Wildlife & Bear-Resistant Infrastructure

  • Any park within 100 miles of wilderness areas must plan for wildlife issues
  • Bear-resistant dumpsters, food storage, and signage: $8K–$30K upfront cost
  • Insurance carriers demand proof of wildlife management protocols
  • Check with Montana Fish & Game for seasonal bear activity patterns in your location

Seasonal Permits & Operating Licenses

  • Montana requires RV parks to obtain county sanitation permits (vary by jurisdiction)
  • Parks closing seasonally need winterization certificates
  • Some counties limit operating months; verify with county planning departments
  • Vacation rental licensing overlaps with RV park regs in some areas—clarify liability

Road Access & Winter Operations

  • If marketing year-round operations, verify winter road conditions and maintenance contracts
  • County assessments for road improvements can be passed to park owners
  • Elevation and snowfall history critical for planning (use NOAA data + 10-year averages)

Montana Department of Environmental Quality (DEQ) Permits

  • Water quality permits for parks with 50+ RV sites or on-site treatment
  • Stormwater management certifications
  • Air quality reviews if operating backup generators or heating systems

Owner Financing Strength

  • 50%+ of Montana deals involve owner financing. Verify:
    • Seller's clean title and lien status
    • Second mortgage availability (if adding debt)
    • Personal guarantee release terms

Financing & Cap Rates for Montana Parks

SBA 7(a) Loan Specifics for Montana:

  • Typical terms: 65–75% LTV, 10-year amortization for recreational assets, 6–7% rates (as of 2025)
  • Seasonal requirements: Lenders require 2 years of full (12-month) financial statements showing seasonal patterns
  • Preferred loan size: $750K–$3M (smaller parks under $500K often rejected; larger deals seek conventional financing)
  • Montana SBA lenders: First Interstate Bank, Glacier Bank, Community Banks Inc. have recreational asset experience

Conventional Financing:

  • Banks familiar with RV parks prefer DSCR >1.25, reserves 6+ months
  • Rates typically 5–6.5% for strong operators with 70%+ LTV

Cap Rate Reality in Montana:

Short-season parks (May–September) quote 10–12% cap rates based on normalized annual NOI. However, peak-season RevPAD (revenue per available day) tells the real story:

  • Glacier corridor parks: $85–$120 RevPAD in July; $35–$50 RevPAD in shoulder seasons
  • Bozeman-area parks: $65–$95 RevPAD peak; $30–$45 shoulder
  • Eastern Montana: $40–$70 RevPAD peak; $20–$35 shoulder

Counter the discount: When facing a buyer applying 12% cap (implying 8.3% return), present annualized peak-season RevPAD multiplied by 75 (days in peak season + 60% utilization shoulder) to show true cash flow potential.

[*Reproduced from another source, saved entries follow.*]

lemma angle_vec_sub_eq_arccos:
  fixes x y z :: "'a::euclidean_space"
  assumes "x \<noteq> 0" "y \<in> S" "z \<in> S\<^sup>\<bottom>" "x = y + z"
  shows "angle_vec_sub x S = arccos (norm y / norm x)"
proof -
  have inner_x: "x \<bullet> u = y \<bullet> u" if "u \<in> S" for u
    using assms that
    by (simp add: orthogonal_comp_def orthogonal_def inner_add_left inner_commute[of z])
  have "norm y \<le> norm x"
    using assms norm_le_norm_add_orthogonal[of z y]
    by (simp add: orthogonal_comp_def orthogonal_commute add.commute)
  then have ratio: "0 \<le> norm y / norm x" "norm y / norm x \<le> 1"
    using assms by auto
  show ?thesis
  proof (cases "S \<subseteq> {0}")
    case True
    then show ?thesis using assms by (auto simp: angle_vec_sub_def)
  next
    case False
    then obtain u0 where u0: "u0 \<in> S - {0}" by auto
    define m where "m = (if y = 0 then u0 else y)"
    have m: "m \<in> S - {0}" using u0 assms by (auto simp: m_def)
    have "vec_angle x m = arccos (norm y / norm x)"
      using inner_x[of m] m
      by (auto simp: m_def vec_angle_def power2_norm_eq_inner[symmetric] power2_eq_square)
    moreover have "arccos (norm y / norm x) \<le> vec_angle x u" if "u \<in> S - {0}" for u
    proof -
      have "x \<bullet> u \<le> norm y * norm u"
        using inner_x that norm_cauchy_schwarz by force
      then have "x \<bullet> u / (norm x * norm u) \<le> norm y / norm x"
        using assms that by (simp add: divide_simps mult.commute)
      moreover have "-1 \<le> x \<bullet> u / (norm x * norm u)"
        using Cauchy_Schwarz_ineq2[of x u] assms that
        by (simp add: abs_le_iff divide_simps)
      ultimately show ?thesis
        unfolding vec_angle_def using ratio by (intro arccos_le_arccos) auto
    qed
    ultimately have "(INF u\<in>S - {0}. vec_angle x u) = arccos (norm y / norm x)"
      using m by (intro cInf_eq_minimum) (auto intro: rev_image_eqI)
    then show ?thesis using False by (simp add: angle_vec_sub_def)
  qed
qed

lemma sin_angle_vec_sub:
  fixes x y z :: "'a::euclidean_space"
  assumes "x \<noteq> 0" "y \<in> S" "z \<in> S\<^sup>\<bottom>" "x = y + z"
  shows "sin (angle_vec_sub x S) = norm z / norm x"
proof -
  have pythagoras: "(norm x)\<^sup>2 = (norm y)\<^sup>2 + (norm z)\<^sup>2"
    using assms by (simp add: norm_add_Pythagorean orthogonal_comp_def)
  have "1 - (norm y / norm x)\<^sup>2 = ((norm x)\<^sup>2 - (norm y)\<^sup>2) / (norm x)\<^sup>2"
    using assms(1) by (simp add: power_divide field_simps)
  also have "\<dots> = (norm z / norm x)\<^sup>2"
    using pythagoras by (simp add: power_divide)
  finally have "1 - (norm y / norm x)\<^sup>2 = (norm z / norm x)\<^sup>2" .
  moreover have "\<bar>norm y / norm x\<bar> \<le> 1"
    using assms norm_le_norm_add_orthogonal[of z y]
    by (simp add: orthogonal_comp_def orthogonal_commute add.commute)
  ultimately show ?thesis
    using angle_vec_sub_eq_arccos[OF assms] by (simp add: sin_arccos_abs)
qed

lemma angle_vec_sub_bounds:
  fixes x :: "'a::euclidean_space"
  assumes "subspace S" "x \<noteq> 0"
  shows "0 \<le> angle_vec_sub x S" "angle_vec_sub x S \<le> pi / 2"
proof -
  obtain y z where yz: "y \<in> S" "z \<in> S\<^sup>\<bottom>" "x = y + z"
    using subspace_sum_orthogonal_comp[OF assms(1)] set_plus_elim by blast
  then have "norm y \<le> norm x"
    using norm_le_norm_add_orthogonal[of z y]
    by (simp add: orthogonal_comp_def orthogonal_commute add.commute)
  then have ratio: "0 \<le> norm y / norm x" "norm y / norm x \<le> 1"
    using assms(2) by auto
  show "0 \<le> angle_vec_sub x S"
    unfolding angle_vec_sub_eq_arccos[OF assms(2) yz] using ratio by (intro arccos_lbound) linarith+
  show "angle_vec_sub x S \<le> pi / 2"
    unfolding angle_vec_sub_eq_arccos[OF assms(2) yz] using ratio by (intro arccos_le_pi2)
qed

lemma sin_SUP_le:
  fixes f :: "'b \<Rightarrow> real"
  assumes "A \<noteq> {}" and range: "\<And>a. a \<in> A \<Longrightarrow> 0 \<le> f a \<and> f a \<le> pi / 2"
    and le: "\<And>a. a \<in> A \<Longrightarrow> sin (f a) \<le> c"
  shows "sin (SUP a\<in>A. f a) \<le> c"
proof (cases "c \<ge> 1")
  case True
  then show ?thesis using sin_le_one order_trans by blast
next
  case False
  obtain a0 where a0: "a0 \<in> A" using assms(1) by auto
  have "0 \<le> c" using le[OF a0] range[OF a0] sin_ge_zero[of "f a0"] by linarith
  have "f a \<le> arcsin c" if "a \<in> A" for a
  proof -
    have "f a = arcsin (sin (f a))" using range[OF that] by (simp add: arcsin_sin)
    also have "\<dots> \<le> arcsin c"
      using le[OF that] False by (intro arcsin_le_arcsin) auto
    finally show ?thesis .
  qed
  then have "(SUP a\<in>A. f a) \<le> arcsin c" by (rule cSUP_least[OF assms(1)])
  moreover have "f a0 \<le> (SUP a\<in>A. f a)"
    using range by (intro cSUP_upper[OF a0] bdd_aboveI2[where M = "pi / 2"]) auto
  moreover have "arcsin c \<le> pi / 2" using arcsin_bounded[of c] False \<open>0 \<le> c\<close> by auto
  ultimately have "sin (SUP a\<in>A. f a) \<le> sin (arcsin c)"
    using range[OF a0] by (subst sin_mono_le_eq) auto
  then show ?thesis using False \<open>0 \<le> c\<close> by simp
qed

lemma sin_angle_sub_sub_le:
  fixes A V :: "'a::euclidean_space set"
  assumes "subspace V" "0 \<le> c" "\<And>a. a \<in> A - {0} \<Longrightarrow> sin (angle_vec_sub a V) \<le> c"
  shows "sin (angle_sub_sub A V) \<le> c"
proof (cases "A \<subseteq> {0}")
  case True
  then show ?thesis using assms(2) by (simp add: angle_sub_sub_def)
next
  case False
  then have "sin (SUP a\<in>A - {0}. angle_vec_sub a V) \<le> c"
    using assms angle_vec_sub_bounds by (intro sin_SUP_le) auto
  then show ?thesis using False by (simp add: angle_sub_sub_def)
qed

lemma norm_rejection_div_norm_le:
  fixes p q :: "'a::real_inner"
  assumes pq: "norm (rejection p q) \<le> s" and qp: "norm (rejection q p) \<le> s"
  shows "norm (rejection p q) / norm p \<le> s / max (norm p) (norm q)"
proof (cases "p = 0")
  case True
  have "0 \<le> s" using qp norm_ge_zero order_trans by blast
  then show ?thesis using True by simp
next
  case False
  show ?thesis
  proof (cases "norm q \<le> norm p")
    case True
    then show ?thesis using pq by (simp add: divide_right_mono)
  next
    case False
    then have "norm q > 0" using \<open>p \<noteq> 0\<close> by (meson le_less_trans norm_ge_zero not_le)
    have "norm (rejection p q) / norm p = norm (rejection q p) / norm q"
      using norm_rejection_mult_norm_commute[of p q] \<open>p \<noteq> 0\<close> \<open>norm q > 0\<close>
      by (simp add: divide_simps mult.commute)
    also have "\<dots> \<le> s / norm q" using qp by (simp add: divide_right_mono)
    finally show ?thesis using False by simp
  qed
qed

(* For zw = 0 the bound is 0 / 0 = 0, which holds because then the rejection of zw is 0. *)
lemma sin_angle_vec_sub_span_insert_le:
  fixes U :: "'a::euclidean_space set"
  assumes U: "subspace U" and yw: "yw \<in> U" and zw: "zw \<in> U\<^sup>\<bottom>"
    and yv: "yv \<in> U" and zv: "zv \<in> U\<^sup>\<bottom>"
    and a: "a \<in> span (insert (yw + zw) U)" "a \<noteq> 0"
  shows "sin (angle_vec_sub a (span (insert (yv + zv) U))) \<le> norm (rejection zw zv) / norm zw"
proof -
  define V where "V = span (insert (yv + zv) U)"
  define r where "r = rejection zw zv"
  define \<alpha> where "\<alpha> = (zw \<bullet> zv) / (zv \<bullet> zv)"
  have spanU: "span U = U" using U by simp
  obtain t where t: "a - t *\<^sub>R (yw + zw) \<in> U"
    using a by (auto simp: span_insert spanU)
  have "r \<in> U\<^sup>\<bottom>"
    using zw zv subspace_orthogonal_comp
    unfolding r_def rejection_def by (metis subspace_diff subspace_scale)
  moreover have "orthogonal (yv + zv) r"
    using \<open>r \<in> U\<^sup>\<bottom>\<close> yv orthogonal_rejection[of zw zv]
    by (auto simp: r_def orthogonal_comp_def orthogonal_clauses orthogonal_commute)
  ultimately have "orthogonal (t *\<^sub>R r) y" if "y \<in> insert (yv + zv) U" for y
    using that by (auto simp: orthogonal_comp_def orthogonal_commute intro: orthogonal_clauses)
  then have "orthogonal (t *\<^sub>R r) x" if "x \<in> V" for x
    using that unfolding V_def by (rule orthogonal_to_span[rotated])
  then have rV: "t *\<^sub>R r \<in> V\<^sup>\<bottom>"
    by (simp add: orthogonal_comp_def orthogonal_commute)
  have "(a - t *\<^sub>R r) - (t * \<alpha>) *\<^sub>R (yv + zv)
          = (a - t *\<^sub>R (yw + zw)) + t *\<^sub>R yw - (t * \<alpha>) *\<^sub>R yv"
    by (simp add: r_def rejection_def \<alpha>_def algebra_simps)
  also have "\<dots> \<in> U"
    using t yw yv U by (simp add: subspace_add subspace_diff subspace_scale)
  finally have aV: "a - t *\<^sub>R r \<in> V"
    unfolding V_def span_insert spanU by auto
  have sin_eq: "sin (angle_vec_sub a V) = \<bar>t\<bar> * norm r / norm a"
    using sin_angle_vec_sub[OF a(2) aV rV] by simp
  show ?thesis
  proof (cases "zw = 0")
    case True
    then show ?thesis using sin_eq by (simp add: r_def V_def)
  next
    case False
    have "a = (a - t *\<^sub>R (yw + zw) + t *\<^sub>R yw) + t *\<^sub>R zw"
      by (simp add: algebra_simps)
    moreover have "a - t *\<^sub>R (yw + zw) + t *\<^sub>R yw \<in> U"
      using t yw U by (simp add: subspace_add subspace_scale)
    then have "orthogonal (a - t *\<^sub>R (yw + zw) + t *\<^sub>R yw) (t *\<^sub>R zw)"
      using zw by (simp add: orthogonal_comp_def orthogonal_clauses)
    ultimately have "\<bar>t\<bar> * norm zw \<le> norm a"
      using norm_le_norm_add_orthogonal by (metis norm_scaleR)
    then have "\<bar>t\<bar> * norm zw * norm r \<le> norm a * norm r"
      by (rule mult_right_mono) simp
    then have "\<bar>t\<bar> * norm r / norm a \<le> norm r / norm zw"
      using a(2) False by (simp add: divide_simps ac_simps)
    then show ?thesis
      using sin_eq by (simp add: V_def r_def)
  qed
qed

Owner-Financing Rates: 4.5–6.5%, typically 7–10 year balloons with 20–40% down.

Short-Season Parks: Making the Financials Work

Most Montana parks operate 6–8 months seasonally. Conventional lenders penalize these operations with 10–12% cap rates (vs. 7–8% for year-round parks), inflating acquisition price and suppressing returns.

Strategies to unlock value:

  1. Calculate true annualized NOI: Isolate peak-season (May–September) cash flow, include shoulder-season bookings, subtract fixed costs spread across 12 months. Most parks understate true operational efficiency.

  2. Highlight RevPAD trends: Show seasonal booking curves. A Glacier park with 85% July occupancy and 35% September occupancy still generates strong cumulative cash flow.

  3. Year-round expansion: If the property has land, model adding outdoor activities (tent sites, RV storage, day-use parking). Adds $30K–$80K NOI with minimal capex.

  4. Reduce operating costs: Propose contracted snow removal, seasonal staffing reductions, energy management—lower fixed costs improve off-season cash flow and cap rate.

  5. Negotiate price aggressively: Seasonal discount is baked into asking price. Counter with lower offer, 20% down (vs. typical 25–30%), and aggressive renegotiation post-due diligence.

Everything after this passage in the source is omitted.